The Budget page
A live, month-by-month view of what your project will cost and what it has spent, connected to the data driving it and ready to adjust as plans change.
The Budget page is where you plan, track, and report on a project's finances. It lays your costs out across the timeline in a single table, with Forecast and Actuals side by side, and rolls everything up into summary panels that show how the project is tracking against its approved budget. Because the figures stay linked to your allocations, vendor quotes, and timesheets, the page reflects the current state of the project without constant manual upkeep.
How the budget table is organized
Costs are grouped under categories such as Resources, Hardware, Software, and SaaS Subscriptions, with each row broken down across the months of the project. Every period shows a Forecast and an Actuals figure, a Totals column sums each row, and a project-wide TOTAL row sits at the top so you always have the headline numbers in view.
You can start a budget from scratch or let Completix assemble it for you from the data already in the project. For the full walkthrough of the automatic build, see How to automatically build a monthly budget.
Adding rows
You can build out the budget with as much detail as you need by adding rows in two ways.
Add a row manually
Create a free-form line and enter the figures yourself. This is ideal for one-off costs or anything that does not already exist as a tracked item in the project. You have full control over the values in a manual row.
Add a linked item
Search for an item that already lives in the project, such as a resource or a vendor, and add it as a row. Linked rows stay connected to their source, so their figures populate automatically and update whenever the underlying allocation, quote, or timesheet changes. This keeps the budget accurate without you re-entering anything.
If you add a new resource or vendor to the project after the budget exists, add it here once as a linked item. From then on it syncs automatically with everything else.
Overriding values and staying in sync
Even on a linked row, you can type your own figure into any cell when you need to deviate from the calculated value. The moment you do, a small sync icon appears next to that cell, a quiet indicator that the number you are looking at no longer matches its linked source.
This is by design: it lets you make a deliberate adjustment while still being reminded that the cell has been changed. To discard your override and return to the calculated figure, click that sync icon to re-sync the value. Re-syncing works per cell, so you can revert a single value without affecting any other overrides on the row.
An overridden cell looks like this, with the sync icon shown to the left of the value:
Custom fields
Beyond the standard categories, you can add your own custom fields to capture figures that matter to your project. For a custom field, you assign it the value of a specific cell in the budget table, and that figure is then surfaced on the dashboard for ongoing tracking.
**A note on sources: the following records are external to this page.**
(* Let $n,k,s$ be positive integers with $2\le s\le\lfloor n/k\rfloor$, write $n=ds+s_0$ with $d=\lfloor n/s\rfloor$, and assume $s_0<\min\{d,s\}$. The Cubic Code is a valid exact-repair (indeed repair-by-transfer) scheme for the Fixed Cluster Repair System with parameters $(n,k,s)$ storing a file of size $M$, with storage $\alpha$ equal to its repair bandwidth $\gamma$, where $$\gamma_{cc}(n,k,s)=\begin{cases}\dfrac{Md^{s}}{d^{s+1}-(d-\lceil\frac{k}{s+1}\rceil)^{s_1}(d-\lfloor\frac{k}{s+1}\rfloor)^{s+1-s_1}} & \text{if } s_0\ge\lfloor\frac{k}{s+1}\rfloor,\\[3mm] \dfrac{Md^{s}}{d^{s+1}-(d-s_0)(d-\lceil\frac{k-s_0}{s}\rceil)^{s_2}(d-\lfloor\frac{k-s_0}{s}\rfloor)^{s-s_2}} & \text{if } s_0<\lfloor\frac{k}{s+1}\rfloor,\end{cases}$$ with $s_1=k\bmod(s+1)$ and $s_2=(k-s_0)\bmod s$.
   Context: FCRS: $n=ds+s_0$ servers in clusters $1,\dots,s$ of size $d$ and cluster $s+1$ of size $s_0$; server $(i,j)$ stores at most $\alpha$ units; any $k$ servers (from any clusters) must recover the file; a failed server $(r,\ell)$ is repaired (exactly) by downloading $\beta$ units from each of the $d$ servers of any cluster $i\in[s]$, $i\ne r$; repair bandwidth $\gamma=d\beta$. Cubic Code: split the file into $m$ independent chunks of size $M/m$ and encode them with a $(d^{s+1},m)$ MDS code whose codeword symbols $C_b$ are indexed by strings $b=b_{s+1}\cdots b_1$ with $b_i\in[d]$. Server $(i,j)$, $(i,j)\in([s]\times[d])\cup(\{s+1\}\times[s_0])$, stores $\{C_b: b_i=j\}$. To repair $(r,\ell)$ from cluster $i$, server $(i,j)$ sends $\{C_b:b_i=j,\ b_r=\ell\}$. The number of chunks is $m=\min\{d^{s+1}-\prod_{i=1}^{s+1}(d-k_i):k_i\in\mathbb Z_{\ge0},\ \sum_{i}k_i=k,\ k_{s+1}\le s_0\}$, the number of distinct codeword symbols held by the worst-case set of $k$ servers. *)

theory Defs
  imports Complex_Main
begin

text \<open>Conventions: cluster indices are 1..s+1, positions inside a cluster and the
  letters of the alphabet [d] are 0-based (0..<d).  A codeword index
  b = b_{s+1}...b_1 is a function nat => nat which is < d on 1..s+1 and 0 elsewhere.\<close>

definition cc_words :: "nat \<Rightarrow> nat \<Rightarrow> (nat \<Rightarrow> nat) set" where
  "cc_words d s = {b. (\<forall>i\<in>{1..s+1}. b i < d) \<and> (\<forall>i. i \<notin> {1..s+1} \<longrightarrow> b i = 0)}"

definition fcrs_servers :: "nat \<Rightarrow> nat \<Rightarrow> nat \<Rightarrow> (nat \<times> nat) set" where
  "fcrs_servers d s s0 = {(i,j). 1 \<le> i \<and> i \<le> s \<and> j < d} \<union> {(i,j). i = s+1 \<and> j < s0}"

definition cc_stored :: "nat \<Rightarrow> nat \<Rightarrow> nat \<Rightarrow> nat \<Rightarrow> (nat \<Rightarrow> nat) set" where
  "cc_stored d s i j = {b \<in> cc_words d s. b i = j}"

text \<open>Symbols sent by helper (i,j) to repair failed server (r,l).\<close>
definition cc_sent :: "nat \<Rightarrow> nat \<Rightarrow> nat \<Rightarrow> nat \<Rightarrow> nat \<Rightarrow> nat \<Rightarrow> (nat \<Rightarrow> nat) set" where
  "cc_sent d s i j r l = {b \<in> cc_words d s. b i = j \<and> b r = l}"

definition cc_m :: "nat \<Rightarrow> nat \<Rightarrow> nat \<Rightarrow> int" where
  "cc_m n k s = (let d = n div s; s0 = n mod s in
     Min {int d ^ (s+1) - (\<Prod>i=1..s+1. (int d - int (kv i))) | kv :: nat \<Rightarrow> nat.
            (\<Sum>i=1..s+1. kv i) = k \<and> kv (s+1) \<le> s0})"

definition mds_code :: "((nat \<Rightarrow> 'a) \<Rightarrow> 'b \<Rightarrow> 'a) \<Rightarrow> nat \<Rightarrow> 'b set \<Rightarrow> bool" where
  "mds_code enc m W \<longleftrightarrow>
     (\<forall>x y. (\<forall>c<m. x c = y c) \<longrightarrow> (\<forall>b\<in>W. enc x b = enc y b)) \<and>
     (\<forall>T. T \<subseteq> W \<and> card T = m \<longrightarrow>
        (\<forall>x y. (\<forall>b\<in>T. enc x b = enc y b) \<longrightarrow> (\<forall>c<m. x c = y c)))"

definition gamma_cc :: "nat \<Rightarrow> nat \<Rightarrow> nat \<Rightarrow> real \<Rightarrow> real" where
  "gamma_cc n k s M = (let d = n div s; s0 = n mod s;
       s1 = k mod (s+1); s2 = (k - s0) mod s in
     if s0 \<ge> k div (s+1) then
       M * real d ^ s /
         (real d ^ (s+1)
          - (real d - of_int \<lceil>real k / real (s+1)\<rceil>) ^ s1
            * (real d - of_int \<lfloor>real k / real (s+1)\<rfloor>) ^ (s+1-s1))
     else
       M * real d ^ s /
         (real d ^ (s+1)
          - (real d - real s0)
            * (real d - of_int \<lceil>real (k - s0) / real s\<rceil>) ^ s2
            * (real d - of_int \<lfloor>real (k - s0) / real s\<rfloor>) ^ (s-s2)))"

end

theory Submission
  imports Defs "HOL-Library.FuncSet"
begin

text \<open>
  A set of k servers, k_i of them in cluster i, sees every symbol C_b such that some coordinate b_i
  is one of its positions in cluster i, so it misses a box of prod_i (d - k_i) symbols. Hence any
  k servers see at least m = d^(s+1) - max prod_i (d - k_i) symbols and recover the file by the MDS
  property. Under sum_i k_i = k and k_(s+1) <= s_0 the product is maximised by smoothing: moving a
  unit from k_i to k_j when k_i >= k_j + 2 never decreases it. So the maximiser is balanced, or, if
  the cap on cluster s+1 binds, has k_(s+1) = s_0 and the other coordinates balanced; these are the
  two cases of gamma_cc. Every server stores d^s symbols and every helper sends d^(s-1) of them, so
  alpha = gamma = M d^s / m.
\<close>

definition box :: "'i set \<Rightarrow> ('i \<Rightarrow> nat set) \<Rightarrow> ('i \<Rightarrow> nat) set" where
  "box A F = {b. (\<forall>t\<in>A. b t \<in> F t) \<and> (\<forall>t. t \<notin> A \<longrightarrow> b t = 0)}"

lemma box_eq_image_PiE: "box A F = (\<lambda>f t. if t \<in> A then f t else 0) ` PiE A F"
proof (intro equalityI subsetI)
  fix b assume b: "b \<in> box A F"
  then have "b = (\<lambda>t. if t \<in> A then restrict b A t else 0)" by (auto simp: box_def fun_eq_iff)
  moreover have "restrict b A \<in> PiE A F" using b by (auto simp: box_def)
  ultimately show "b \<in> (\<lambda>f t. if t \<in> A then f t else 0) ` PiE A F" by blast
qed (auto simp: box_def)

lemma finite_box: "finite A \<Longrightarrow> \<forall>t\<in>A. finite (F t) \<Longrightarrow> finite (box A F)"
  by (simp add: box_eq_image_PiE finite_PiE)

lemma card_box:
  assumes "finite A"
  shows "card (box A F) = (\<Prod>t\<in>A. card (F t))"
proof -
  have "inj_on (\<lambda>f t. if t \<in> A then f t else 0) (PiE A F)"
  proof (rule inj_onI)
    fix f g assume "f \<in> PiE A F" "g \<in> PiE A F" "(\<lambda>t. if t \<in> A then f t else 0) = (\<lambda>t. if t \<in> A then g t else 0)"
    then show "f = g" by (metis (no_types, lifting) PiE_ext)
  qed
  then show ?thesis by (simp add: box_eq_image_PiE card_image card_PiE[OF assms])
qed

lemma card_box_pinned:
  assumes "finite A" "P \<subseteq> A"
  shows "card (box A (\<lambda>t. if t \<in> P then {g t} else {..<d})) = d ^ (card A - card P)"
proof -
  have "card (box A (\<lambda>t. if t \<in> P then {g t} else {..<d})) = (\<Prod>t\<in>A. if t \<in> P then 1 else d)"
    unfolding card_box[OF assms(1)] by (intro prod.cong) auto
  also have "\<dots> = d ^ card (A - P)"
    using prod.If_cases[OF assms(1), of "\<lambda>t. t \<in> P" "\<lambda>_. 1" "\<lambda>_. d"] by (simp add: Diff_eq)
  also have "card (A - P) = card A - card P"
    using assms finite_subset by (intro card_Diff_subset) auto
  finally show ?thesis .
qed

section \<open>Balanced vectors maximise products of differences\<close>

definition balanced_on :: "'i set \<Rightarrow> ('i \<Rightarrow> nat) \<Rightarrow> bool" where
  "balanced_on I x \<longleftrightarrow> (\<forall>i\<in>I. \<forall>j\<in>I. x i \<le> x j + 1)"

definition balanced_diff_prod :: "nat \<Rightarrow> nat \<Rightarrow> nat \<Rightarrow> nat" where
  "balanced_diff_prod d m K = (d - (K div m + 1)) ^ (K mod m) * (d - K div m) ^ (m - K mod m)"

lemma prod_diff_balanced:
  fixes z :: "'i \<Rightarrow> nat"
  assumes "finite J" "J \<noteq> {}" "balanced_on J z"
  shows "(\<Prod>i\<in>J. d - z i) = balanced_diff_prod d (card J) (sum z J)"
proof -
  define a where "a = Min (z ` J)"
  have "a \<in> z ` J" unfolding a_def using assms(1,2) by (intro Min_in) auto
  then obtain i0 where i0: "i0 \<in> J" "z i0 = a" by auto
  have vals: "\<forall>i\<in>J. z i = a \<or> z i = a + 1"
  proof
    fix i assume "i \<in> J"
    moreover have "z i \<le> z i0 + 1" using assms(3) i0(1) \<open>i \<in> J\<close> unfolding balanced_on_def by blast
    ultimately have "a \<le> z i" "z i \<le> a + 1"
      using assms(1) i0(2) unfolding a_def by auto
    then show "z i = a \<or> z i = a + 1" by linarith
  qed
  define H where "H = {i\<in>J. z i = a + 1}"
  define L where "L = {i\<in>J. z i = a}"
  have HL: "H \<inter> L = {}" "J = H \<union> L" using vals unfolding H_def L_def by auto
  have fin: "finite H" "finite L" using assms(1) unfolding H_def L_def by auto
  have cardJ: "card J = card H + card L" using card_Un_disjoint[OF fin HL(1)] HL(2) by simp
  have "card L > 0" using fin i0 unfolding L_def card_gt_0_iff by blast
  then have Hlt: "card H < card J" using cardJ by simp
  have "sum z J = card H * (a + 1) + card L * a"
    unfolding HL(2) sum.union_disjoint[OF fin HL(1)] by (simp add: H_def L_def)
  then have "sum z J = a * card J + card H" using cardJ by (simp add: algebra_simps)
  then have dm: "sum z J div card J = a" "sum z J mod card J = card H" using Hlt by auto
  have "(\<Prod>i\<in>J. d - z i) = (d - (a + 1)) ^ card H * (d - a) ^ card L"
    unfolding HL(2) prod.union_disjoint[OF fin HL(1)] by (simp add: H_def L_def)
  then show ?thesis unfolding balanced_diff_prod_def dm using cardJ by simp
qed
This is a simple way to promote any number you care about, a particular line, period, or total, into a metric you can monitor at a glance alongside the rest of your project reporting.
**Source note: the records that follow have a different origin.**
(* Let $X$ be a finite set and let $(p_B)_{B\subseteq X}$ be nonnegative reals with $\sum_{B\subseteq X}p_B=1$. For $A\subseteq X$ let $\mathcal{S}_A=\{B\subseteq X : A\cap B\neq\emptyset \text{ and } A\cap (X\setminus B)\neq\emptyset\}$ and $s_A=\sum_{B\in\mathcal{S}_A}p_B$ (so $s_A=0$ whenever $|A|\le 1$). Then: \begin{enumerate} \item For all $A\subseteq X$, $\displaystyle s_A=\sum_{B\subseteq A}(-1)^{|B|}s_B$ (the sum including $B=\emptyset$ and $B=A$). \item If $A\subseteq X$ has odd cardinality, then $\displaystyle s_A=\sum_{\substack{B\subset A\\ |B|\text{ even}}}\frac{\mathbb{T}_{|A|-|B|}}{2^{|A|-|B|}}\,s_B$. \end{enumerate}
   Context: $p_B$ is interpreted as the probability that, at a given bi-allelic site, exactly the taxa in $B$ have state $1$ (and those in $X\setminus B$ have state $0$); $s_A$ is then the probability that the site is segregating (non-constant) over $A$. The tangent numbers $\mathbb{T}_k$ are defined by the power series $\tanh(x)=\sum_{k=0}^\infty \mathbb{T}_k\,\frac{x^k}{k!}$. *)

theory Defs
  imports "HOL-Analysis.Analysis"
begin

text \<open>Tangent numbers: tanh x = sum_k T_k x^k / k!, i.e. T_k is the k-th derivative of tanh at 0.\<close>
definition tangent_number :: "nat \<Rightarrow> real" where
  "tangent_number k = (deriv ^^ k) (tanh :: real \<Rightarrow> real) 0"

definition seg_splits :: "'a set \<Rightarrow> 'a set \<Rightarrow> 'a set set" where
  "seg_splits X A = {B. B \<subseteq> X \<and> A \<inter> B \<noteq> {} \<and> A \<inter> (X - B) \<noteq> {}}"

definition seg_prob :: "'a set \<Rightarrow> ('a set \<Rightarrow> real) \<Rightarrow> 'a set \<Rightarrow> real" where
  "seg_prob X p A = (\<Sum>B\<in>seg_splits X A. p B)"

end

theory Submission
  imports Defs "HOL-Computational_Algebra.Polynomial"
begin

text \<open>
  For a fixed split B, the indicator of "C is segregating" is
  1 - [C \<subseteq> B] - [C \<subseteq> X - B] + [C = {}], and alternating summation over the
  subsets C of A turns [C \<subseteq> D] into [A \<inter> D = {}]. Hence each indicator, and so s,
  is a fixed point of the transform s \<mapsto> (A \<mapsto> \<Sum>C\<subseteq>A. (-1)^|C| s C).

  For odd |A| the fixed point equation reads
  2 s A = \<Sum>(even B \<subseteq> A) s B - \<Sum>(odd C \<subset> A) s C. Expanding the odd terms by induction,
  an even B collects the coefficient \<Sum>k<N. (N choose k) t k with N = |A| - |B| and
  t k = T k / 2^k, which equals 1 - 2 t N because tanh (x/2) (e^x + 1) = e^x - 1;
  the odd restriction on k is harmless since tanh is odd, so t vanishes at even k.
\<close>

lemma sum_Pow_neg_one_power_card:
  assumes "finite A"
  shows "(\<Sum>C\<in>Pow A. (-1) ^ card C) = (if A = {} then 1 else 0 :: 'b :: ring_1)"
proof (cases "A = {}")
  case False
  then have "card {C. C \<subseteq> A \<and> even (card C)} = card {C. C \<subseteq> A \<and> odd (card C)}"
    using card_subsupersets_even_odd[of A "{}"] assms by auto
  with assms False show ?thesis
    by (simp add: sum_alternating_cancels)
qed simp

lemma sum_Pow_neg_one_power_card_subset:
  assumes "finite A"
  shows "(\<Sum>C\<in>Pow A. (-1) ^ card C * of_bool (C \<subseteq> D)) = (of_bool (A \<inter> D = {}) :: 'b :: ring_1)"
proof -
  have "(\<Sum>C\<in>Pow A. (-1) ^ card C * of_bool (C \<subseteq> D)) = (\<Sum>C\<in>Pow (A \<inter> D). (-1) ^ card C :: 'b)"
    using assms by (intro sum.mono_neutral_cong_right) auto
  also have "\<dots> = of_bool (A \<inter> D = {})"
    using assms by (subst sum_Pow_neg_one_power_card) auto
  finally show ?thesis .
qed

lemma seg_prob_eq_sum_indicator:
  assumes "finite X"
  shows "seg_prob X p A = (\<Sum>B\<in>Pow X. p B * indicator (seg_splits X A) B)"
proof -
  have "seg_splits X A \<subseteq> Pow X"
    by (auto simp: seg_splits_def)
  then show ?thesis
    unfolding seg_prob_def using assms by (intro sum.mono_neutral_cong_left) auto
qed

lemma indicator_seg_splits:
  assumes "C \<subseteq> X" "B \<subseteq> X"
  shows "indicator (seg_splits X C) B
     = 1 - of_bool (C \<subseteq> X - B) - of_bool (C \<subseteq> B) + (of_bool (C \<subseteq> {}) :: real)"
  using assms by (auto simp: seg_splits_def indicator_def)

lemma alternating_sum_indicator_seg_splits:
  assumes "finite A" "A \<subseteq> X" "B \<subseteq> X"
  shows "(\<Sum>C\<in>Pow A. (-1) ^ card C * indicator (seg_splits X C) B) = (indicator (seg_splits X A) B :: real)"
proof -
  have "(\<Sum>C\<in>Pow A. (-1) ^ card C * indicator (seg_splits X C) B)
      = (\<Sum>C\<in>Pow A. (-1) ^ card C - (-1) ^ card C * of_bool (C \<subseteq> X - B)
           - (-1) ^ card C * of_bool (C \<subseteq> B) + (-1) ^ card C * (of_bool (C \<subseteq> {}) :: real))"
    using assms(2,3) by (intro sum.cong refl) (auto simp: indicator_seg_splits algebra_simps)
  also have "\<dots> = (\<Sum>C\<in>Pow A. (-1) ^ card C) - (\<Sum>C\<in>Pow A. (-1) ^ card C * of_bool (C \<subseteq> X - B))
        - (\<Sum>C\<in>Pow A. (-1) ^ card C * of_bool (C \<subseteq> B)) + (\<Sum>C\<in>Pow A. (-1) ^ card C * (of_bool (C \<subseteq> {}) :: real))"
    by (simp only: sum.distrib sum_subtractf)
  also have "\<dots> = indicator (seg_splits X A) B"
    using assms
    by (simp only: sum_Pow_neg_one_power_card sum_Pow_neg_one_power_card_subset)
       (auto simp: seg_splits_def indicator_def)
  finally show ?thesis .
qed

lemma seg_prob_alternating_sum:
  assumes "finite X" "A \<subseteq> X"
  shows "seg_prob X p A = (\<Sum>C\<in>Pow A. (-1) ^ card C * seg_prob X p C)"
proof -
  have fin: "finite A" using assms finite_subset by blast
  have "(\<Sum>C\<in>Pow A. (-1) ^ card C * seg_prob X p C)
      = (\<Sum>B\<in>Pow X. p B * (\<Sum>C\<in>Pow A. (-1) ^ card C * indicator (seg_splits X C) B))"
    unfolding seg_prob_eq_sum_indicator[OF assms(1)] sum_distrib_left
    by (subst sum.swap) (simp add: mult_ac)
  also have "\<dots> = seg_prob X p A"
    unfolding seg_prob_eq_sum_indicator[OF assms(1)]
    by (rule sum.cong[OF refl]) (simp add: alternating_sum_indicator_seg_splits[OF fin assms(2)])
  finally show ?thesis ..
qed

lemma sum_Pow_card_binomial:
  fixes g :: "nat \<Rightarrow> 'b :: comm_semiring_1"
  assumes "finite S"
  shows "(\<Sum>D\<in>Pow S. g (card D)) = (\<Sum>k\<le>card S. of_nat (card S choose k) * g k)"
proof -
  have "(\<Sum>D\<in>Pow S. g (card D)) = (\<Sum>k\<le>card S. \<Sum>D | D \<in> Pow S \<and> card D = k. g (card D))"
    by (rule sum.group[symmetric]) (auto simp: assms card_mono)
  also have "\<dots> = (\<Sum>k\<le>card S. of_nat (card S choose k) * g k)"
    using assms by (simp add: n_subsets)
  finally show ?thesis .
qed

lemma sum_supersets_card_diff:
  fixes g :: "nat \<Rightarrow> 'b :: comm_semiring_1"
  assumes "finite A" "B \<subseteq> A"
  shows "(\<Sum>C | B \<subseteq> C \<and> C \<subseteq> A. g (card C - card B))
       = (\<Sum>k\<le>card A - card B. of_nat (card A - card B choose k) * g k)"
proof -
  have "(\<Sum>C | B \<subseteq> C \<and> C \<subseteq> A. g (card C - card B)) = (\<Sum>D\<in>Pow (A - B). g (card (B \<union> D) - card B))"
    using assms(2) by (intro sum.reindex_bij_witness[of _ "\<lambda>D. B \<union> D" "\<lambda>C. C - B"])
      (auto simp: sup.absorb2)
  also have "\<dots> = (\<Sum>D\<in>Pow (A - B). g (card D))"
  proof (intro sum.cong refl)
    fix D assume "D \<in> Pow (A - B)"
    then have "D \<subseteq> A" "B \<inter> D = {}"
      by auto
    then have "card (B \<union> D) = card B + card D"
      using card_Un_disjoint finite_subset assms by metis
    then show "g (card (B \<union> D) - card B) = g (card D)"
      by simp
  qed
  also have "\<dots> = (\<Sum>k\<le>card A - card B. of_nat (card A - card B choose k) * g k)"
    using assms finite_subset[OF assms(2,1)] by (simp add: sum_Pow_card_binomial card_Diff_subset)
  finally show ?thesis .
qed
Changing how the budget is displayed
The page gives you several ways to view the same underlying data, so you can move between detailed planning and a high-level read without changing anything.
Month or fiscal quarter
Switch the timeline between a monthly breakdown and fiscal quarters to match how you plan and report.
Hide actuals
Collapse the Actuals columns to focus purely on the forecast when you only need the planning view.
Simplified view
Drop the period-by-period columns and show totals only, for a clean summary of each line without the breakdown.
The summary panels
The panels beside the table roll your figures into the measures used to judge project health and report to stakeholders.
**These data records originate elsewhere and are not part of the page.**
lemma avoids_132_min_split:
  assumes "\<forall>y\<in>set L \<union> set R. m < y" "sorted_wrt (<) R" "avoids L (classical [1,3,2])"
    and cross: "\<And>a b c. subseq [a, b] L \<Longrightarrow> c \<in> set R \<Longrightarrow> \<not> (a < c \<and> c < b)"
  shows "avoids (L @ m # R) (classical [1,3,2])"
  unfolding avoids_def contains_132_iff
proof (intro notI; elim exE conjE)
  fix a b c assume occ: "subseq [a, b, c] (L @ m # R)" "a < c" "c < b"
  from occ(1) show False
  proof (cases rule: subseq3_append_Cons_cases)
    case 1
    then show False using assms(3) occ unfolding avoids_def contains_132_iff by blast
  next
    case 2
    then have "m < a" using assms(1) set_subseq by (fastforce simp: ball_Un)
    then show False using 2 occ by simp
  next
    case 3
    then show False using cross occ by blast
  next
    case 4
    then show False using assms(1) occ by (fastforce simp: ball_Un)
  next
    case 5
    then show False using sorted_wrt_subseq[OF _ assms(2)] occ by fastforce
  next
    case 6
    then show False using sorted_wrt_subseq[OF _ assms(2)] occ by fastforce
  next
    case 7
    then show False using sorted_wrt_subseq[OF _ assms(2)] occ by fastforce
  qed
qed

lemma avoids_3214_4213_min_split:
  assumes "distinct (L @ m # R)" "\<forall>y\<in>set L \<union> set R. m < y" "sorted_wrt (<) R"
    and "avoids L (classical [3,2,1,4])" "avoids L (classical [4,2,1,3])"
    and cross: "\<And>a b d. subseq [a, b] L \<Longrightarrow> b < a \<Longrightarrow> d \<in> set R \<Longrightarrow> d < b"
  shows "avoids (L @ m # R) (classical [3,2,1,4]) \<and> avoids (L @ m # R) (classical [4,2,1,3])"
proof -
  have "\<not> (\<exists>a b c d. subseq [a, b, c, d] (L @ m # R) \<and> c < b \<and> b < a \<and> b < d)"
  proof (intro notI; elim exE conjE)
    fix a b c d assume occ: "subseq [a, b, c, d] (L @ m # R)" "c < b" "b < a" "b < d"
    have ab: "subseq [a, b] L" if "subseq [a, b, c] L"
      using that subseq_order.trans[of "[a, b]" "[a, b, c]"] by simp
    from occ(1) show False
    proof (cases rule: subseq4_append_Cons_cases)
      case 1
      have "distinct L" using assms(1) by simp
      then have "\<not> (\<exists>a b c d. subseq [a, b, c, d] L \<and> c < b \<and> b < a \<and> b < d)"
        using assms(4,5) contains_3214_or_4213_iff[of L] unfolding avoids_def by blast
      then show False using 1 occ by blast
    next
      case 2
      then have "m < b" using assms(2) set_subseq by (fastforce simp: ball_Un)
      then show False using 2 occ by simp
    next
      case 3
      then show False using ab cross[of a b d] occ(3,4) by simp
    next
      case 4
      then show False using cross[of a b d] occ(3,4) by simp
    next
      case 5
      then show False using cross[of a b d] set_subseq[OF 5(2)] occ(3,4) by simp
    next
      case 6
      then have "m < c" using assms(2) set_subseq by (fastforce simp: ball_Un)
      then show False using 6 occ by simp
    next
      case 7
      then show False using sorted_wrt_subseq[OF 7(2) assms(3)] occ(2) by simp
    next
      case 8
      then show False using sorted_wrt_subseq[OF 8(2) assms(3)] occ(2) by simp
    next
      case 9
      then show False using sorted_wrt_subseq[OF 9(1) assms(3)] occ(2) by simp
    qed
  qed
  then show ?thesis using contains_3214_or_4213_iff[OF assms(1)] unfolding avoids_def by blast
qed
- Approved (BAC) The Budget at Completion, the total approved budget you are measured against.
- Forecast The latest projected total, built from your current allocations, quotes, and tasks.
- EAC The Estimate at Completion, what the project is now expected to cost in full.
- Variance (BAC − EAC) The gap between approved budget and expected cost. Negative signals an overrun, positive means you are tracking under budget.
Two progress bars give an at-a-glance read on consumption: Actuals vs BAC shows how much of the approved budget has been spent, and EAC vs BAC compares the projected total against it. A bar that runs past one hundred percent is shown in red to flag that spend or forecast has exceeded the approved budget. A lower table splits the figures across Total, Capex, and Opex so you can see how spend divides between capital and operating expenditure.
Budget snapshots
The budget changes as allocations, quotes, and timesheets move. Snapshots let you capture it as it stands at a point in time and keep that version on record. Click the icon to open the snapshots panel, where every saved version is listed. From there you can open a snapshot to read it or download a copy for sharing and record keeping, while the live budget keeps syncing with the project.